■ RAW DATA
╭──

(* Let $A\in\mathbb{R}^{d\times n}$ have first column identically zero, i.e. $A_{i,1}=0$ for all $i\in[d]$. For each integer $j\ge0$ and $k\in\{0,1,\dots,\log n\}$, let $b_{j,k}\in\mathbb{R}^d$ be column $1+2^k j$ of $A$, with $b_{j,k}$ the zero vector if $1+2^kj>n$. Then: (1) for each $i\in[d]$, $\max_{j\in[n]}A_{i,j}^2\le(\log n)\sum_{k=0}^{\log n}\sum_{j=2}^{n+1}\big((b_{j,k})_i-(b_{j-1,k})_i\big)^2$; (2) $\sum_{i=1}^d\max_{j\in[n]}A_{i,j}^2\le(\log n)\sum_{k=0}^{\log n}\sum_{j=2}^{n+1}\|b_{j,k}-b_{j-1,k}\|_2^2$.
   Context: Here $\log$ denotes the base-2 logarithm and $n$ is a power of $2$, so that $\log n$ is an integer. *)

theory Defs
  imports Complex_Main
begin

text \<open>A d x n real matrix is represented as a function A :: nat => nat => real,
  entry (i,j) being A i j, with 1-based indices i in {1..d}, j in {1..n}.
  bcol A n j k i is the i-th entry of the vector b_{j,k}: column 1 + 2^k j of A,
  or the zero vector if 1 + 2^k j > n.\<close>

definition bcol :: "(nat \<Rightarrow> nat \<Rightarrow> real) \<Rightarrow> nat \<Rightarrow> nat \<Rightarrow> nat \<Rightarrow> nat \<Rightarrow> real" where
  "bcol A n j k i = (if 1 + 2 ^ k * j \<le> n then A i (1 + 2 ^ k * j) else 0)"

end

theory Submission
  imports Defs
begin

text \<open>Reading a row of A as a sequence v with v t the entry in column 1 + t (and 0 beyond
  column n), the value v a at 1 \<le> a \<le> 2^m is reached from v (2^m) = 0 by descending through
  the dyadic levels: at level k an even index 2b is also the index b of level k + 1, and an odd
  index costs one difference of consecutive level-k points. So v a is a sum of at most one
  difference per level, and Cauchy-Schwarz over the m levels gives the factor m.\<close>

text \<open>Incremental form of (x_0 + ... + x_p)^2 \<le> (p + 1) (x_0^2 + ... + x_p^2).\<close>

lemma cauchy_schwarz_increment:
  fixes u D X p :: real
  assumes "u\<^sup>2 \<le> p * X" "0 \<le> X" "0 \<le> p"
  shows "(u - D)\<^sup>2 \<le> (p + 1) * (X + D\<^sup>2)"
proof (cases "p = 0")
  case True
  then show ?thesis using assms by simp
next
  case False
  then have "0 < p" using assms by simp
  have "p * (u - D)\<^sup>2 \<le> (p + 1) * (u\<^sup>2 + p * D\<^sup>2)"
    using zero_le_power2[of "u + p * D"] by (simp add: power2_eq_square algebra_simps)
  also have "\<dots> \<le> (p + 1) * (p * X + p * D\<^sup>2)"
    using assms by (intro mult_left_mono) auto
  also have "\<dots> = p * ((p + 1) * (X + D\<^sup>2))" by (simp add: algebra_simps)
  finally show ?thesis using \<open>0 < p\<close> by simp
qed

text \<open>For v t = bcol A n t 0 i and N = n this is the level-k sum of the theorem, because
  bcol A n j k i = v (2^k j).\<close>

definition dyadic_variation :: "(nat \<Rightarrow> real) \<Rightarrow> nat \<Rightarrow> nat \<Rightarrow> real" where
  "dyadic_variation v N k = (\<Sum>j = 2..N+1. (v (2 ^ k * j) - v (2 ^ k * (j - 1)))\<^sup>2)"

lemma dyadic_variation_nonneg: "0 \<le> dyadic_variation v N k"
  unfolding dyadic_variation_def by (intro sum_nonneg) auto

lemma dyadic_variation_ge_term:
  assumes "1 \<le> a" "a \<le> N"
  shows "(v (2 ^ k * (a + 1)) - v (2 ^ k * a))\<^sup>2 \<le> dyadic_variation v N k"
  unfolding dyadic_variation_def
  using member_le_sum[of "a + 1" "{2..N+1}" "\<lambda>j. (v (2 ^ k * j) - v (2 ^ k * (j - 1)))\<^sup>2"] assms
  by simp

lemma dyadic_chaining:
  fixes v :: "nat \<Rightarrow> real"
  assumes "1 \<le> a" "a \<le> 2 ^ r" "2 ^ (k + r) \<le> N"
  shows "(v (2 ^ k * a) - v (2 ^ (k + r)))\<^sup>2
           \<le> real r * (\<Sum>l = k..<k + r. dyadic_variation v N l)"
  using assms
proof (induction r arbitrary: k a)
  case 0
  then show ?case by simp
next
  case (Suc r)
  define b where "b = (a + 1) div 2"
  have b: "1 \<le> b" "b \<le> 2 ^ r"
    using Suc.prems(1,2) unfolding b_def by auto
  have "2 ^ (Suc k + r) \<le> N" using Suc.prems(3) by simp
  define S where "S = (\<Sum>l = Suc k..<Suc k + r. dyadic_variation v N l)"
  have IH: "(v (2 ^ Suc k * b) - v (2 ^ (k + Suc r)))\<^sup>2 \<le> real r * S"
    using Suc.IH[OF b \<open>2 ^ (Suc k + r) \<le> N\<close>] unfolding S_def by simp
  have "\<exists>D. v (2 ^ k * a) = v (2 ^ Suc k * b) - D \<and> D\<^sup>2 \<le> dyadic_variation v N k"
  proof (cases "even a")
    case True
    then have "2 ^ k * a = 2 ^ Suc k * b" unfolding b_def by auto
    then show ?thesis using dyadic_variation_nonneg by (intro exI[of _ 0]) (simp add: mult_ac)
  next
    case False
    then have "a + 1 = 2 * b" unfolding b_def by simp
    then have "2 ^ k * (a + 1) = 2 ^ Suc k * b" by (simp add: mult_ac)
    moreover have "a \<le> N"
      using Suc.prems(2,3) power_increasing[of "Suc r" "k + Suc r" "2::nat"] by linarith
    ultimately show ?thesis
      using dyadic_variation_ge_term[OF Suc.prems(1) \<open>a \<le> N\<close>, of v k]
      by (intro exI[of _ "v (2 ^ k * (a + 1)) - v (2 ^ k * a)"]) simp
  qed
  then obtain D where D: "v (2 ^ k * a) = v (2 ^ Suc k * b) - D"
    and D_le: "D\<^sup>2 \<le> dyadic_variation v N k" by blast
  have "(v (2 ^ k * a) - v (2 ^ (k + Suc r)))\<^sup>2 = (v (2 ^ Suc k * b) - v (2 ^ (k + Suc r)) - D)\<^sup>2"
    unfolding D by (simp add: algebra_simps)
  also have "\<dots> \<le> (real r + 1) * (S + D\<^sup>2)"
    using cauchy_schwarz_increment[OF IH] S_def by (simp add: sum_nonneg dyadic_variation_nonneg)
  also have "\<dots> \<le> (real r + 1) * (dyadic_variation v N k + S)"
    using D_le by (intro mult_left_mono) auto
  also have "dyadic_variation v N k + S = (\<Sum>l = k..<k + Suc r. dyadic_variation v N l)"
    unfolding S_def by (simp add: sum.atLeast_Suc_lessThan)
  finally show ?case by (simp add: add.commute)
qed

lemma sq_le_dyadic_variation:
  fixes v :: "nat \<Rightarrow> real"
  assumes "v 0 = 0" "v (2 ^ m) = 0" "t \<le> 2 ^ m" "2 ^ m \<le> N"
  shows "(v t)\<^sup>2 \<le> real m * (\<Sum>l<m. dyadic_variation v N l)"
proof (cases "t = 0")
  case True
  then show ?thesis using assms(1) by (simp add: sum_nonneg dyadic_variation_nonneg)
next
  case False
  then show ?thesis
    using dyadic_chaining[of t m 0 N v] assms(2-4) by (simp add: atLeast0LessThan)
qed

lemma bcol_eq_bcol_0: "bcol A n j k i = bcol A n (2 ^ k * j) 0 i"
  by (simp add: bcol_def)

lemma row_max_sq_le:
  fixes A :: "nat \<Rightarrow> nat \<Rightarrow> real"
  assumes "n = 2 ^ m" "A i 1 = 0"
  shows "Max ((\<lambda>j. (A i j)\<^sup>2) ` {1..n})
           \<le> real m * (\<Sum>k = 0..m. \<Sum>j = 2..n+1. (bcol A n j k i - bcol A n (j - 1) k i)\<^sup>2)"
proof -
  define v where "v t = bcol A n t 0 i" for t
  have level: "(\<Sum>j = 2..n+1. (bcol A n j k i - bcol A n (j - 1) k i)\<^sup>2) = dyadic_variation v n k"
    for k unfolding dyadic_variation_def v_def by (simp only: bcol_eq_bcol_0[of A n _ k])
  have "(\<Sum>l<m. dyadic_variation v n l) \<le> (\<Sum>l = 0..m. dyadic_variation v n l)"
    by (intro sum_mono2) (auto simp: dyadic_variation_nonneg)
  then have bound: "real m * (\<Sum>l<m. dyadic_variation v n l)
      \<le> real m * (\<Sum>k = 0..m. \<Sum>j = 2..n+1. (bcol A n j k i - bcol A n (j - 1) k i)\<^sup>2)"
    unfolding level by (intro mult_left_mono) auto
  have "(A i j)\<^sup>2 \<le> real m * (\<Sum>l<m. dyadic_variation v n l)" if "j \<in> {1..n}" for j
  proof -
    have "A i j = v (j - 1)" using that assms(2) by (auto simp: v_def bcol_def)
    moreover have "v 0 = 0" "v (2 ^ m) = 0" using assms by (simp_all add: v_def bcol_def)
    moreover have "j - 1 \<le> 2 ^ m" using that assms(1) by auto
    ultimately show ?thesis using sq_le_dyadic_variation[of v m "j - 1" n] assms(1) by simp
  qed
  then show ?thesis using bound assms(1) by (subst Max_le_iff) fastforce+
qed

theorem lemmaC4:
  fixes A :: "nat \<Rightarrow> nat \<Rightarrow> real" and d n m :: nat
  assumes pow: "n = 2 ^ m"
    and first_zero: "\<forall>i\<in>{1..d}. A i 1 = 0"
  shows "(\<forall>i\<in>{1..d}.
            Max ((\<lambda>j. (A i j)\<^sup>2) ` {1..n})
              \<le> real m * (\<Sum>k = 0..m. \<Sum>j = 2..n+1. (bcol A n j k i - bcol A n (j - 1) k i)\<^sup>2))
       \<and> (\<Sum>i = 1..d. Max ((\<lambda>j. (A i j)\<^sup>2) ` {1..n}))
              \<le> real m * (\<Sum>k = 0..m. \<Sum>j = 2..n+1.
                    (\<Sum>i = 1..d. (bcol A n j k i - bcol A n (j - 1) k i)\<^sup>2))"
proof
  show rows: "\<forall>i\<in>{1..d}.
            Max ((\<lambda>j. (A i j)\<^sup>2) ` {1..n})
              \<le> real m * (\<Sum>k = 0..m. \<Sum>j = 2..n+1. (bcol A n j k i - bcol A n (j - 1) k i)\<^sup>2)"
    using row_max_sq_le[OF pow] first_zero by blast
  have "(\<Sum>i = 1..d. Max ((\<lambda>j. (A i j)\<^sup>2) ` {1..n}))
     \<le> (\<Sum>i = 1..d. real m * (\<Sum>k = 0..m. \<Sum>j = 2..n+1. (bcol A n j k i - bcol A n (j - 1) k i)\<^sup>2))"
    using rows by (intro sum_mono) auto
  also have "\<dots> = real m * (\<Sum>k = 0..m. \<Sum>j = 2..n+1.
                    (\<Sum>i = 1..d. (bcol A n j k i - bcol A n (j - 1) k i)\<^sup>2))"
    by (simp only: sum_distrib_left[symmetric] sum.swap[of _ "{0..m}" "{1..d}"]
        sum.swap[of _ "{2..n+1}" "{1..d}"])
  finally show "(\<Sum>i = 1..d. Max ((\<lambda>j. (A i j)\<^sup>2) ` {1..n}))
              \<le> real m * (\<Sum>k = 0..m. \<Sum>j = 2..n+1.
                    (\<Sum>i = 1..d. (bcol A n j k i - bcol A n (j - 1) k i)\<^sup>2))" .
qed

end
(* Let $K$ be a triangle and $k\ge1$ an integer. Let $V(K)=\mathcal P_k(K)$, $\bm W(K)=[\mathcal P_k(K)]^2$, and $\bm M(\partial K)=\{\bm\mu:\bm\mu|_F=\bm n\times p_k\text{ for some }p_k\in\mathcal P_k(F),\text{ for each edge }F\subset\partial K\}$. Then $I_M(V(K)\times\bm W(K))=0$.
   Context: $\mathcal P_k$ denotes polynomials of total degree at most $k$. Conventions in 2D: $\nabla\times\bm v=-\partial_yv_1+\partial_xv_2$, $\nabla\times p=(\partial_yp,-\partial_xp)^T$, $\bm n\times\bm v=-n_2v_1+n_1v_2$, $\bm n\times p=(n_2p,-n_1p)^T$, $\bm n\times\bm w\times\bm n:=\bm w-(\bm w\cdot\bm n)\bm n$, $\bm n$ the unit outward normal. $I_M(V(K)\times\bm W(K)):=\dim\bm M(\partial K)-\dim\{\bm n\times v|_{\partial K}:v\in V(K),\nabla\times v=\bm0\}-\dim\{\bm n\times\bm w\times\bm n|_{\partial K}:\bm w\in\bm W(K),\nabla\times\bm w=0\}$. *)

theory Defs
  imports "HOL-Analysis.Analysis" "HOL-Library.Function_Algebras"
begin

type_synonym pt = "real^2"

definition polyk :: "nat \<Rightarrow> (pt \<Rightarrow> real) \<Rightarrow> bool" where
  "polyk k f \<longleftrightarrow> (\<exists>c :: nat \<Rightarrow> nat \<Rightarrow> real.
      \<forall>x. f x = (\<Sum>i\<le>k. \<Sum>j\<le>k - i. c i j * (x$1)^i * (x$2)^j))"

definition pdiff :: "2 \<Rightarrow> (pt \<Rightarrow> real) \<Rightarrow> pt \<Rightarrow> real" where
  "pdiff j f x = deriv (\<lambda>t. f (x + t *\<^sub>R axis j 1)) 0"

definition curl_s :: "(pt \<Rightarrow> real) \<Rightarrow> pt \<Rightarrow> pt" where
  "curl_s p x = vector [pdiff 2 p x, - pdiff 1 p x]"

definition curl_v :: "(pt \<Rightarrow> pt) \<Rightarrow> pt \<Rightarrow> real" where
  "curl_v w x = - pdiff 2 (\<lambda>y. w y $ 1) x + pdiff 1 (\<lambda>y. w y $ 2) x"

text \<open>n x p for scalar p, and tangential part n x w x n.\<close>
definition cross_np :: "pt \<Rightarrow> real \<Rightarrow> pt" where
  "cross_np n p = vector [n$2 * p, - (n$1) * p]"

definition tang :: "pt \<Rightarrow> pt \<Rightarrow> pt" where
  "tang n w = w - (w \<bullet> n) *\<^sub>R n"

text \<open>Triangle with vertices a0 a1 a2: vertex list, edge i is opposite vertex i.\<close>
definition tri_vertex :: "pt \<Rightarrow> pt \<Rightarrow> pt \<Rightarrow> nat \<Rightarrow> pt" where
  "tri_vertex a0 a1 a2 i = (if i = 0 then a0 else if i = 1 then a1 else a2)"

definition tri_edge :: "pt \<Rightarrow> pt \<Rightarrow> pt \<Rightarrow> nat \<Rightarrow> pt set" where
  "tri_edge a0 a1 a2 i =
     closed_segment (tri_vertex a0 a1 a2 ((i + 1) mod 3)) (tri_vertex a0 a1 a2 ((i + 2) mod 3))"

definition tri_normal :: "pt \<Rightarrow> pt \<Rightarrow> pt \<Rightarrow> nat \<Rightarrow> pt" where
  "tri_normal a0 a1 a2 i =
     (let p = tri_vertex a0 a1 a2 ((i + 1) mod 3);
          q = tri_vertex a0 a1 a2 ((i + 2) mod 3);
          r = tri_vertex a0 a1 a2 i;
          t = q - p;
          m = (1 / norm t) *\<^sub>R vector [t$2, - (t$1)]
      in if (r - p) \<bullet> m > 0 then - m else m)"

text \<open>Functions on the boundary are represented edge-wise: mu i x for edge i < 3 and x on edge i,
  and 0 elsewhere.\<close>
type_synonym bfun = "nat \<Rightarrow> pt \<Rightarrow> pt"

definition bscale :: "real \<Rightarrow> bfun \<Rightarrow> bfun" where
  "bscale c f = (\<lambda>i x. c *\<^sub>R f i x)"

definition bdim :: "bfun set \<Rightarrow> nat" where
  "bdim S = vector_space.dim bscale S"

definition on_bdry :: "pt \<Rightarrow> pt \<Rightarrow> pt \<Rightarrow> (nat \<Rightarrow> pt \<Rightarrow> pt) \<Rightarrow> bfun" where
  "on_bdry a0 a1 a2 g = (\<lambda>i x. if i < 3 \<and> x \<in> tri_edge a0 a1 a2 i then g i x else 0)"

definition Mspace :: "nat \<Rightarrow> pt \<Rightarrow> pt \<Rightarrow> pt \<Rightarrow> bfun set" where
  "Mspace k a0 a1 a2 = {mu. \<exists>p :: nat \<Rightarrow> pt \<Rightarrow> real. (\<forall>i<3. polyk k (p i)) \<and>
      mu = on_bdry a0 a1 a2 (\<lambda>i x. cross_np (tri_normal a0 a1 a2 i) (p i x))}"

definition Vtrace :: "nat \<Rightarrow> pt \<Rightarrow> pt \<Rightarrow> pt \<Rightarrow> bfun set" where
  "Vtrace k a0 a1 a2 = (\<lambda>v. on_bdry a0 a1 a2 (\<lambda>i x. cross_np (tri_normal a0 a1 a2 i) (v x))) `
      {v. polyk k v \<and> (\<forall>x\<in>convex hull {a0, a1, a2}. curl_s v x = 0)}"

definition Wtrace :: "nat \<Rightarrow> pt \<Rightarrow> pt \<Rightarrow> pt \<Rightarrow> bfun set" where
  "Wtrace k a0 a1 a2 = (\<lambda>w. on_bdry a0 a1 a2 (\<lambda>i x. tang (tri_normal a0 a1 a2 i) (w x))) `
      {w. polyk k (\<lambda>x. w x $ 1) \<and> polyk k (\<lambda>x. w x $ 2) \<and>
          (\<forall>x\<in>convex hull {a0, a1, a2}. curl_v w x = 0)}"

definition I_M :: "nat \<Rightarrow> pt \<Rightarrow> pt \<Rightarrow> pt \<Rightarrow> int" where
  "I_M k a0 a1 a2 = int (bdim (Mspace k a0 a1 a2)) - int (bdim (Vtrace k a0 a1 a2))
      - int (bdim (Wtrace k a0 a1 a2))"

end

theory Submission
  imports Defs "HOL-Computational_Algebra.Polynomial"
begin

text \<open>On \<open>\<partial>K\<close> all three spaces consist of fields \<open>p \<tau>\<close>, with \<open>\<tau>\<close> the consistently oriented unit
  tangent. A curl-free \<open>v \<in> P\<^sub>k\<close> is constant, so the traces from \<open>V\<close> are the multiples of \<open>\<tau>\<close>.
  A curl-free \<open>w \<in> [P\<^sub>k]\<^sup>2\<close> is the gradient of some \<open>\<phi> \<in> P\<^sub>k\<^sub>+\<^sub>1\<close>, so its tangential trace is the
  tangential derivative of \<open>\<phi>\<close> and has zero circulation around \<open>\<partial>K\<close>, whereas \<open>\<tau>\<close> has circulation
  equal to the perimeter; hence the two spans meet only in \<open>0\<close>. Conversely, every generator
  \<open>s\<^sup>j \<tau>\<close> of \<open>M(\<partial>K)\<close> supported on a single edge is a multiple of \<open>\<tau>\<close> plus the tangential trace of
  the gradient of an explicit potential built from barycentric coordinates. So
  \<open>M(\<partial>K) = span V \<oplus> span W\<close>, and the dimensions add up.\<close>

section \<open>Polynomials in two variables\<close>

text \<open>Coefficient arrays are summed over the square \<open>{..N} \<times> {..N}\<close>, which is easier to shift
  and differentiate than the triangle of \<open>polyk\<close>; \<open>deg_le k c\<close> makes the two agree.\<close>

definition deg_le :: "nat \<Rightarrow> (nat \<Rightarrow> nat \<Rightarrow> real) \<Rightarrow> bool" where
  "deg_le k c \<longleftrightarrow> (\<forall>i j. k < i + j \<longrightarrow> c i j = 0)"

╰──

■ WHAT IS EXPECTED
Go through the listing above and pull out each line containing the word "index".

■ TASK RESPONSE
  the dyadic levels: at level k an even index 2b is also the index b of level k + 1, and an odd
  index costs one difference of consecutive level-k points. So v a is a sum of at most one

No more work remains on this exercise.